(* Let $\mathcal{R}$ be a rectangular domain of the basic hexagonal model consisting of $n$ cells, with given initial values $x(c,0),y(c,0)\in\mathbb{N}$ for every cell $c$. Suppose that at time $0$ all cells along the right boundary of $\mathcal{R}$ are on fire and all cells along the left boundary of $\mathcal{R}$ (the village) have to be protected. Let $Y$ be the maximum, over all cells $c\in\mathcal{R}$, of the sum of the $y(\cdot,0)$-values of the direct neighbours of $c$. Then the minimum integer $k$ for which a protecting path for $k$ exists can be found in time $O(n\log n\log Y)$.
   Context: Basic hexagonal model: the plane (here a rectangular region $\mathcal{R}$ of it) is partitioned into hexagonal cells; two cells are direct neighbours if they share an edge (only cells of $\mathcal{R}$ count). The state of cell $c$ at time $t\in\mathbb{N}$ is a pair of non-negative integers $x(c,t)$ (resistance against ignition) and $y(c,t)$ (remaining fuel). Cell $c$ is burning at time $t$ if $x(c,t)=0$ and $y(c,t)>0$; alive if $x(c,t)>0$ and $y(c,t)>0$; dead if $y(c,t)=0$. Transition from $t$ to $t+1$: if $c$ is alive at time $t$, then $x(c,t+1)=\max\{x(c,t)-b,0\}$ where $b$ is the number of direct neighbours of $c$ burning at time $t$; if $c$ is burning at time $t$, then $y(c,t+1)=y(c,t)-1$; all other values stay unchanged. A cell is ignited (catches fire) when its $x$-value becomes $0$; putting a cell on fire at time $0$ means setting its $x$-value to $0$ at time $0$. A separating path is a path of cells (consecutive cells are direct neighbours) in $\mathcal{R}$ connecting the lower boundary to the upper boundary of $\mathcal{R}$. A separating path $\pi$ is a protecting path for $k$ if increasing the initial $x$-value of every cell on $\pi$ by $k$ (leaving all other cells unchanged) ensures that, when the cells on the right boundary are put on fire at time $0$, the fire never ignites any cell of the village. Running times are measured in a model where arithmetic on the cell values takes constant time. *)

theory Defs
  imports Complex_Main
begin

Work task> Which lines of the data include the string "that"? Copy each of them.

Solution below>
(* Let $\mathcal{R}$ be a rectangular domain of the basic hexagonal model consisting of $n$ cells, with given initial values $x(c,0),y(c,0)\in\mathbb{N}$ for every cell $c$. Suppose that at time $0$ all cells along the right boundary of $\mathcal{R}$ are on fire and all cells along the left boundary of $\mathcal{R}$ (the village) have to be protected. Let $Y$ be the maximum, over all cells $c\in\mathcal{R}$, of the sum of the $y(\cdot,0)$-values of the direct neighbours of $c$. Then the minimum integer $k$ for which a protecting path for $k$ exists can be found in time $O(n\log n\log Y)$.
   Context: Basic hexagonal model: the plane (here a rectangular region $\mathcal{R}$ of it) is partitioned into hexagonal cells; two cells are direct neighbours if they share an edge (only cells of $\mathcal{R}$ count). The state of cell $c$ at time $t\in\mathbb{N}$ is a pair of non-negative integers $x(c,t)$ (resistance against ignition) and $y(c,t)$ (remaining fuel). Cell $c$ is burning at time $t$ if $x(c,t)=0$ and $y(c,t)>0$; alive if $x(c,t)>0$ and $y(c,t)>0$; dead if $y(c,t)=0$. Transition from $t$ to $t+1$: if $c$ is alive at time $t$, then $x(c,t+1)=\max\{x(c,t)-b,0\}$ where $b$ is the number of direct neighbours of $c$ burning at time $t$; if $c$ is burning at time $t$, then $y(c,t+1)=y(c,t)-1$; all other values stay unchanged. A cell is ignited (catches fire) when its $x$-value becomes $0$; putting a cell on fire at time $0$ means setting its $x$-value to $0$ at time $0$. A separating path is a path of cells (consecutive cells are direct neighbours) in $\mathcal{R}$ connecting the lower boundary to the upper boundary of $\mathcal{R}$. A separating path $\pi$ is a protecting path for $k$ if increasing the initial $x$-value of every cell on $\pi$ by $k$ (leaving all other cells unchanged) ensures that, when the cells on the right boundary are put on fire at time $0$, the fire never ignites any cell of the village. Running times are measured in a model where arithmetic on the cell values takes constant time. *)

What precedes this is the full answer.